Provide an exact repetition of every entry, with no word altered.

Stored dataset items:
--------------------------------------------------

(* Consider the coupled opinion–network system described in the context, and assume in addition that (i) there is a constant $c_\phi>0$ with $\phi(r)>c_\phi$ for all $r\in[-2,2]$, and (ii) there is a constant $c_f>0$ such that $f^+(w)_{ij}>c_f$ for all $i\neq j$ and all $w\in[0,1]^{N\times N}$ with $w_{ij}=0$. Then the population reaches consensus: there exists $x^*\in[-1,1]$ such that $x_i(t)\to x^*$ as $t\to\infty$ for every $i=1,\dots,N$ (equivalently, the opinion diameter $D(t)=\max_{i,j}|x_j(t)-x_i(t)|$ tends to $0$).
   Context: There are $N$ individuals with opinions $x_i(t)\in[-1,1]$ and edge weights $w_{ij}(t)\in[0,1]$, $i,j=1,\dots,N$. The degree is $k_i=\sum_{j=1}^N w_{ij}$. Given an interaction function $\phi:[-2,2]\to[0,1]$ and maps $f^+,f^-:[0,1]^{N\times N}\to\mathbb{R}_{\ge 0}^{N\times N}$, the system is $\frac{dx_i}{dt}=\frac{1}{k_i}\sum_{j\neq i} w_{ij}\,\phi(x_j-x_i)(x_j-x_i)$ for $i=1,\dots,N$; $\frac{dw_{ij}}{dt}=\phi(x_j-x_i)\,f^+(w)_{ij}-\big(1-\phi(x_j-x_i)\big)f^-(w)_{ij}$ for $i\neq j$; $\frac{dw_{ii}}{dt}=0$. Standing assumptions: $\phi$ is Lipschitz continuous, $\phi(r)=\phi(-r)$ for all $r$, and $\phi(0)>0$; initial opinions satisfy $x_1(0)\le x_2(0)\le\dots\le x_N(0)$; $w_{ii}=1$ for all $i$; the initial network $w(0)$ is strongly connected (for all $i,j$ there is a sequence $i=i_0,i_1,\dots,i_m=j$ with $w_{i_n i_{n+1}}(0)>0$); $f^+$ and $f^-$ are non-negative and Lipschitz continuous; $f^+(w)_{ij}=0$ whenever $w_{ij}=1$; $f^-(w)_{ij}=0$ whenever $w_{ij}=0$. *)

theory Defs
  imports "HOL-Analysis.Analysis"
begin

text \<open>Individuals are indexed by {1..N}; an N x N matrix is a function nat => nat => real,
  of which only the entries with indices in {1..N} are meaningful.\<close>

definition mat_box :: "nat \<Rightarrow> (nat \<Rightarrow> nat \<Rightarrow> real) set" where
  "mat_box N = {w. \<forall>i\<in>{1..N}. \<forall>j\<in>{1..N}. 0 \<le> w i j \<and> w i j \<le> 1}"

--------------------------------------------------

Exercise response:
(* Consider the coupled opinion–network system described in the context, and assume in addition that (i) there is a constant $c_\phi>0$ with $\phi(r)>c_\phi$ for all $r\in[-2,2]$, and (ii) there is a constant $c_f>0$ such that $f^+(w)_{ij}>c_f$ for all $i\neq j$ and all $w\in[0,1]^{N\times N}$ with $w_{ij}=0$. Then the population reaches consensus: there exists $x^*\in[-1,1]$ such that $x_i(t)\to x^*$ as $t\to\infty$ for every $i=1,\dots,N$ (equivalently, the opinion diameter $D(t)=\max_{i,j}|x_j(t)-x_i(t)|$ tends to $0$).
   Context: There are $N$ individuals with opinions $x_i(t)\in[-1,1]$ and edge weights $w_{ij}(t)\in[0,1]$, $i,j=1,\dots,N$. The degree is $k_i=\sum_{j=1}^N w_{ij}$. Given an interaction function $\phi:[-2,2]\to[0,1]$ and maps $f^+,f^-:[0,1]^{N\times N}\to\mathbb{R}_{\ge 0}^{N\times N}$, the system is $\frac{dx_i}{dt}=\frac{1}{k_i}\sum_{j\neq i} w_{ij}\,\phi(x_j-x_i)(x_j-x_i)$ for $i=1,\dots,N$; $\frac{dw_{ij}}{dt}=\phi(x_j-x_i)\,f^+(w)_{ij}-\big(1-\phi(x_j-x_i)\big)f^-(w)_{ij}$ for $i\neq j$; $\frac{dw_{ii}}{dt}=0$. Standing assumptions: $\phi$ is Lipschitz continuous, $\phi(r)=\phi(-r)$ for all $r$, and $\phi(0)>0$; initial opinions satisfy $x_1(0)\le x_2(0)\le\dots\le x_N(0)$; $w_{ii}=1$ for all $i$; the initial network $w(0)$ is strongly connected (for all $i,j$ there is a sequence $i=i_0,i_1,\dots,i_m=j$ with $w_{i_n i_{n+1}}(0)>0$); $f^+$ and $f^-$ are non-negative and Lipschitz continuous; $f^+(w)_{ij}=0$ whenever $w_{ij}=1$; $f^-(w)_{ij}=0$ whenever $w_{ij}=0$. *)

theory Defs
  imports "HOL-Analysis.Analysis"
begin

text \<open>Individuals are indexed by {1..N}; an N x N matrix is a function nat => nat => real,
  of which only the entries with indices in {1..N} are meaningful.\<close>

definition mat_box :: "nat \<Rightarrow> (nat \<Rightarrow> nat \<Rightarrow> real) set" where
  "mat_box N = {w. \<forall>i\<in>{1..N}. \<forall>j\<in>{1..N}. 0 \<le> w i j \<and> w i j \<le> 1}"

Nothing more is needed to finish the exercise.